Tony Tolbert

No. 62, 92
- Position: Defensive end

Personal information
- Born: December 29, 1967 (age 58) Tuskegee, Alabama, U.S.
- Listed height: 6 ft 6 in (1.98 m)
- Listed weight: 268 lb (122 kg)

Career information
- High school: Dwight Morrow (Englewood, New Jersey)
- College: UTEP
- NFL draft: 1989 (4th round, 85th overall pick)

Career history
- Dallas Cowboys (1989–1997);

Awards and highlights
- 3× Super Bowl champion (XXVII, XXVIII, XXX); Second-team All-Pro (1996); Pro Bowl (1996); NFL All-Rookie team (1989); First-team All-WAC (1988); Second-team All-WAC (1987);

Career NFL statistics
- Sacks: 59
- Forced fumbles: 7
- Fumble recoveries: 4
- Interceptions: 1
- Defensive touchdowns: 1
- Stats at Pro Football Reference

= Tony Tolbert =

American football player (born 1967)

Anthony Lewis Tolbert (born December 29, 1967) is an American former professional football player who was a defensive end for the Dallas Cowboys of the National Football League (NFL). He played college football for the UTEP Miners and was selected in the fourth round of the 1989 NFL draft.

==Early life==
Tolbert grew up in Englewood, New Jersey, and attended Dwight Morrow High School, where he was an All-conference selection. He accepted a football scholarship from the University of Texas-El Paso.

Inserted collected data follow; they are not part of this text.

(* Suppose (V4'), (A1) and (A4) hold. Then the ODE $\frac{d}{dt}\vartheta_t=\bar f(\vartheta_t)$ is exponentially asymptotically stable: there are positive constants $b$ and $\delta$ such that for every initial condition $\vartheta_0\in\mathbb{R}^d$, $$\|\vartheta_t-\theta^*\|\le b\|\vartheta_0-\theta^*\|e^{-\delta t},\qquad t\ge0 .$$
   Context: Setting. Fix $d,m,K\ge1$, frequencies $\omega_i>0$, phases $\phi_i$; clock process $\Phi^i_t=\exp(2\pi j[\omega_it+\phi_i])$ with $\Omega$ the closure of its orbit and $\pi$ the uniform probability on $\Omega$; probing signal $\xi_t=G(\Phi_t)$, $G(z)=G_0((z+1/z)/2)$, $G_0\colon\mathbb{R}^K\to\mathbb{R}^m$ analytic with absolutely summable Taylor coefficients. $f\colon\mathbb{R}^d\times\mathbb{R}^m\to\mathbb{R}^d$, $\bar f(\theta)=\int f(\theta,G(z))\pi(dz)$, continuously differentiable with $\bar A=\partial_\theta\bar f$; QSA ODE $\frac{d}{dt}\Theta_t=\alpha f(\Theta_t,\xi_t)$. (A1): $\|\bar f(\theta')-\bar f(\theta)\|\le L_f\|\theta'-\theta\|$ and $\|f(\theta',\xi)-f(\theta,\xi)\|+\|f(\theta,\xi')-f(\theta,\xi)\|\le L_f[\|\theta'-\theta\|+\|\xi'-\xi\|]$. (V4'): there are $V\colon\mathbb{R}^d\to\mathbb{R}_+$ and constants $L_V$, $\delta_0,\delta_1,T>0$ with $V$ $L_V$-Lipschitz, $V(\theta)\ge\|\theta\|$ when $\|\theta\|\ge\delta_0^{-1}$, and $V(\vartheta_{\tau+T})-V(\vartheta_\tau)\le-\delta_1\|\vartheta_\tau\|$ for every solution of $\frac{d}{dt}\vartheta=\bar f(\vartheta)$ and every $\tau\ge0$ with $\|\vartheta_\tau\|>\delta_1^{-1}$. (A4): there are $\alpha^0>0$, $B_u<\infty$ such that for every $\alpha\in(0,\alpha^0]$ and every initial $(\Theta_0,\Phi_0)$ the QSA solution satisfies $\|\Theta_t\|\le B_u$ for all large $t$; the ODE $\frac{d}{dt}\vartheta=\bar f(\vartheta)$ is globally asymptotically stable with unique equilibrium $\theta^*$; and $\bar A(\theta^* )$ is Hurwitz. *)

theory Defs
  imports "HOL-Analysis.Analysis" "HOL-Probability.Probability"
begin

definition clock :: "real^'k \<Rightarrow> real^'k \<Rightarrow> real \<Rightarrow> complex^'k" where
  "clock w ph t = (\<chi> i. exp (2 * of_real pi * \<i> * of_real (w$i * t + ph$i)))"

definition clock_orbit :: "real^'k \<Rightarrow> real^'k \<Rightarrow> (complex^'k) set" where
  "clock_orbit w ph = closure (clock w ph ` {0..})"

definition clock_flow :: "real^'k \<Rightarrow> complex^'k \<Rightarrow> real \<Rightarrow> complex^'k" where
  "clock_flow w z t = (\<chi> i. z$i * exp (2 * of_real pi * \<i> * of_real (w$i * t)))"

text \<open>Uniform probability on Omega: a Borel probability measure concentrated on Omega
  and invariant under the clock flow (this is the Haar measure of the orbit closure).\<close>
definition uniform_on_orbit :: "real^'k \<Rightarrow> real^'k \<Rightarrow> (complex^'k) measure \<Rightarrow> bool" where
  "uniform_on_orbit w ph P \<longleftrightarrow>
     prob_space P \<and> sets P = sets borel \<and> emeasure P (clock_orbit w ph) = 1 \<and>
     (\<forall>s. distr P borel (\<lambda>z. clock_flow w z s) = P)"

text \<open>G(z) = G0((z + 1/z)/2), the argument taken componentwise (real-valued on the torus).\<close>
definition probe :: "(real^'k \<Rightarrow> real^'m) \<Rightarrow> complex^'k \<Rightarrow> real^'m" where
  "probe G0 z = G0 (\<chi> i. Re ((z$i + inverse (z$i)) / 2))"

text \<open>G0 is given by its multivariate Taylor series (at 0) with absolutely summable
  coefficients; the expansion is required on the cube [-1,1]^K where G0 is evaluated.\<close>
definition abs_summable_taylor :: "(real^'k \<Rightarrow> real^'m) \<Rightarrow> bool" where
  "abs_summable_taylor G0 \<longleftrightarrow>
     (\<exists>c :: ('k \<Rightarrow> nat) \<Rightarrow> real^'m.
        (\<lambda>a. norm (c a)) summable_on UNIV \<and>
        (\<forall>x. (\<forall>i. \<bar>x$i\<bar> \<le> 1) \<longrightarrow>
             ((\<lambda>a. (\<Prod>i\<in>UNIV. (x$i) ^ (a i)) *\<^sub>R c a) has_sum G0 x) UNIV))"

definition nonauto_solution :: "(real \<Rightarrow> 'a::real_normed_vector \<Rightarrow> 'a) \<Rightarrow> (real \<Rightarrow> 'a) \<Rightarrow> bool" where
  "nonauto_solution F x \<longleftrightarrow> (\<forall>t\<ge>0. (x has_vector_derivative F t (x t)) (at t within {0..}))"

definition ode_solution :: "('a::real_normed_vector \<Rightarrow> 'a) \<Rightarrow> (real \<Rightarrow> 'a) \<Rightarrow> bool" where
  "ode_solution F x \<longleftrightarrow> nonauto_solution (\<lambda>t. F) x"

definition globally_asymptotically_stable :: "('a::real_normed_vector \<Rightarrow> 'a) \<Rightarrow> 'a \<Rightarrow> bool" where
  "globally_asymptotically_stable F ts \<longleftrightarrow>
     (\<forall>e>0. \<exists>d>0. \<forall>x. ode_solution F x \<and> norm (x 0 - ts) < d \<longrightarrow> (\<forall>t\<ge>0. norm (x t - ts) < e)) \<and>
     (\<forall>x. ode_solution F x \<longrightarrow> (x \<longlongrightarrow> ts) at_top)"

definition hurwitz :: "real^'n^'n \<Rightarrow> bool" where
  "hurwitz A \<longleftrightarrow>
     (\<forall>l::complex. det (mat l - (\<chi> i j. complex_of_real (A$i$j))) = 0 \<longrightarrow> Re l < 0)"

end

(*
  Near the equilibrium: a Schur triangularisation of the Hurwitz matrix, followed by the
  rescaling of the i-th coordinate by eps^-i, gives a linear injective S with
  <S v, S (Abar v)> <= -c |S v|^2.  Lyapunov stability keeps solutions started close to
  theta_s in the region where the linearisation dominates, and there |S (x t - theta_s)|
  decays like exp (-c t / 2).

  Far away: by the drift condition (V4') the value of V along the sampled times k T
  contracts geometrically until it reaches a bounded set; Gronwall's inequality between the
  sample times gives |x t - theta_s| <= R + C |x 0 - theta_s| exp (-gamma t).

  Gluing: attractivity and compactness give a uniform time after which every solution
  started in a bounded set has entered the local ball.  A solution started far away thus
  enters it after a time sigma with exp (gamma sigma) linear in |x 0 - theta_s|, and this
  factor is absorbed into the constant b.
*)
theory Submission
  imports Defs "Jordan_Normal_Form.Schur_Decomposition"
begin

no_notation Matrix.vec_index (infixl "$" 100)
no_notation Matrix.scalar_prod (infix "\<bullet>" 70)

section \<open>Solutions of autonomous ODEs\<close>

lemma ode_solution_continuous_on: "ode_solution F x \<Longrightarrow> continuous_on {0..} x"
  unfolding ode_solution_def nonauto_solution_def
  by (rule continuous_on_vector_derivative) auto

lemma ode_solution_has_vector_derivative_at:
  assumes "ode_solution F x" "0 < t"
  shows "(x has_vector_derivative F (x t)) (at t)"
proof -
  have "(x has_vector_derivative F (x t)) (at t within {0..})"
    using assms unfolding ode_solution_def nonauto_solution_def by simp
  then have "(x has_vector_derivative F (x t)) (at t within {0<..})"
    by (rule has_vector_derivative_within_subset) auto
  then show ?thesis
    using assms(2) by (subst (asm) has_vector_derivative_within_open) auto
qed

lemma ode_solution_shift:
  assumes "ode_solution F x" "0 \<le> s"
  shows "ode_solution F (\<lambda>t. x (t + s))"
  unfolding ode_solution_def nonauto_solution_def
proof (intro allI impI)
  fix t :: real assume "0 \<le> t"
  then have "(x has_vector_derivative F (x (t + s))) (at (t + s) within {0..})"
    using assms unfolding ode_solution_def nonauto_solution_def by simp
  then have "(x has_vector_derivative F (x (t + s))) (at (t + s) within (\<lambda>u. u + s) ` {0..})"
    by (rule has_vector_derivative_within_subset) (use assms in auto)
  moreover have "((\<lambda>u. u + s) has_vector_derivative 1) (at t within {0..})"
    by (auto intro!: derivative_eq_intros)
  ultimately show "((\<lambda>t. x (t + s)) has_vector_derivative F (x (t + s))) (at t within {0..})"
    using vector_diff_chain_within by (fastforce simp: o_def)
qed

lemma ode_solution_const: "F c = 0 \<Longrightarrow> ode_solution F (\<lambda>t. c)"
  unfolding ode_solution_def nonauto_solution_def by (auto intro!: derivative_eq_intros)

lemma norm_le_exp_if_inner_derivative_le:
  fixes z :: "real \<Rightarrow> 'a::real_inner"
  assumes cont: "continuous_on {0..t} z"
    and deriv: "\<And>u. 0 < u \<Longrightarrow> u < t \<Longrightarrow> (z has_vector_derivative z' u) (at u)"
    and inner_le: "\<And>u. 0 < u \<Longrightarrow> u < t \<Longrightarrow> inner (z u) (z' u) \<le> k * (norm (z u))\<^sup>2"
    and "0 \<le> t"
  shows "norm (z t) \<le> norm (z 0) * exp (k * t)"
proof -
  define \<phi> where "\<phi> u = (norm (z u))\<^sup>2 * exp (- (2 * k) * u)" for u
  have "\<phi> t \<le> \<phi> 0"
  proof (rule DERIV_nonpos_imp_decreasing_open[OF \<open>0 \<le> t\<close>])
    show "continuous_on {0..t} \<phi>"
      unfolding \<phi>_def using cont by (auto intro!: continuous_intros)
  next
    fix u assume u: "0 < u" "u < t"
    have "(\<phi> has_real_derivative
        2 * exp (- (2 * k) * u) * (inner (z u) (z' u) - k * (norm (z u))\<^sup>2)) (at u)"
      using deriv[OF u] unfolding \<phi>_def power2_norm_eq_inner has_vector_derivative_def
        has_field_derivative_def
      by (auto intro!: derivative_eq_intros simp: algebra_simps inner_commute)
    moreover have "2 * exp (- (2 * k) * u) * (inner (z u) (z' u) - k * (norm (z u))\<^sup>2) \<le> 0"
      using inner_le[OF u] by (intro mult_nonneg_nonpos) auto
    ultimately show "\<exists>y. (\<phi> has_real_derivative y) (at u) \<and> y \<le> 0" by blast
  qed
  have "(norm (z t))\<^sup>2 = \<phi> t * exp (k * t + k * t)"
    by (simp add: \<phi>_def mult.assoc flip: exp_add)
  also have "\<dots> \<le> \<phi> 0 * exp (k * t + k * t)"
    using \<open>\<phi> t \<le> \<phi> 0\<close> by (rule mult_right_mono) simp
  also have "\<dots> = (norm (z 0) * exp (k * t))\<^sup>2"
    by (simp add: \<phi>_def power_mult_distrib power2_eq_square flip: exp_add)
  finally have "(norm (z t))\<^sup>2 \<le> (norm (z 0) * exp (k * t))\<^sup>2" .
  then show ?thesis
    by (rule power2_le_imp_le) simp
qed

lemma ode_solution_dist_le:
  fixes F :: "'a::real_inner \<Rightarrow> 'a"
  assumes lip: "L-lipschitz_on UNIV F"
    and x: "ode_solution F x" and y: "ode_solution F y" and "0 \<le> t"
  shows "norm (x t - y t) \<le> norm (x 0 - y 0) * exp (L * t)"
proof (rule norm_le_exp_if_inner_derivative_le[where z' = "\<lambda>u. F (x u) - F (y u)"])
  show "continuous_on {0..t} (\<lambda>u. x u - y u)"
    using continuous_on_subset[OF ode_solution_continuous_on[OF x], of "{0..t}"]
      continuous_on_subset[OF ode_solution_continuous_on[OF y], of "{0..t}"]
    by (auto intro!: continuous_intros)
next
  fix u :: real assume "0 < u"
  then show "((\<lambda>u. x u - y u) has_vector_derivative F (x u) - F (y u)) (at u)"
    using ode_solution_has_vector_derivative_at[OF x] ode_solution_has_vector_derivative_at[OF y]
    by (auto intro!: derivative_intros)
  have "inner (x u - y u) (F (x u) - F (y u)) \<le> norm (x u - y u) * norm (F (x u) - F (y u))"
    by (rule norm_cauchy_schwarz)
  also have "\<dots> \<le> norm (x u - y u) * (L * norm (x u - y u))"
    using lipschitz_onD[OF lip UNIV_I UNIV_I] by (intro mult_left_mono) (simp_all add: dist_norm)
  finally show "inner (x u - y u) (F (x u) - F (y u)) \<le> L * (norm (x u - y u))\<^sup>2"
    by (simp add: power2_eq_square algebra_simps)
qed fact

Tolbert was light for a defensive end (6 feet 2 inches and 175 pounds as a freshman), but developed into a pass rusher.

As a junior, Tolbert was named the starter at outside linebacker, contributing to a 7-4 record, for the program's first winning season since 1970. He posted 49 tackles (five for loss), four sacks, three passes defensed, two forced fumbles and two fumble recoveries. Against Colorado State University, he tallied five tackles and one sack, helping the school win its first football road game in seven years.

During his senior season, Tolbert tied a school record with 11 sacks, while making 101 tackles, 15 tackles for loss (led the team), two passes defensed, one forced fumble and earning All- WAC honors. UTEP's 1988 team is the winningest football team in school history with 10 wins. It also clinched its first bowl bid since 1967, losing 38-18 to University of Southern Mississippi in the Independence Bowl.

In 2014, Tolbert was named to the UTEP football Centennial team. He graduated with a degree in criminal justice.

==Professional career==
Tolbert was selected by the Dallas Cowboys in the fourth round (85th overall) of the 1989 NFL draft, after falling because he was considered a tweener (slow to play linebacker and light for a defensive end at 230 pounds). As a rookie, Tolbert was converted into a defensive end. He started five games at left defensive end over Ed "Too Tall" Jones, making 52 tackles, two sacks, 18 quarterback pressures, five passes defensed (led the team) and one forced fumble. Tolbert had 10 tackles, one pass defensed and one forced fumble against the Kansas City Chiefs.

In 1990, Tolbert played at both end positions and defensive tackle on passing downs. He started four games, in place of an injured Jim Jeffcoat and Danny Stubbs. He registered 55 tackles, six sacks (third on the team), 24 quarterback pressures (third on the team), three passes defensed and one forced fumble.

In 1991, Tolbert took advantage of a contract holdout by Stubbs and became the regular starter at left defensive end. He posted 73 tackles (fifth on the team), seven sacks (led the team), 25 quarterback pressures (led the team), five passes defensed and two forced fumbles.

In 1996, he was named to the Pro Bowl, when he had a career-high of 12 sacks and 85 tackles.

Tolbert played with chronic knee pain through the final years of his career, because of a degenerative knee condition. Despite playing in pain, Tolbert started all 16 games in 1997, compiled five sacks and led all Cowboys defensive linemen in tackles for the seventh consecutive season, with 60. Tolbert's five sacks were the most on the team that year.

On June 16 1998, Tolbert was released because of his declining performance while playing on aching knees.

As a defensive end for the Cowboys from 1989-1997, Tolbert played an important role in the Cowboys' rise to prominence in the 1990s and their three Super Bowl victories. Tolbert became one of the stalwarts on one of the best defenses of the 1990s. During that time, he teamed up with Charles Haley to become one of the top pass-rushing duos in the NFL. Although Tolbert came into the league as a pass rush specialist, he developed into an effective run stopper, making him the leading tackler among Cowboy defensive linemen for seven straight years.

During Tolbert's career, he recorded 59 quarterback sacks in 128 games played over the course of nine seasons, plus he returned his only interception 54 yards for a touchdown. He had more sacks during the 1990s than any other Cowboy player.

==Personal life==
Ten years after Tolbert retired, he had knee-replacement surgery on both knees, the result of seven knee surgeries during his nine-year career.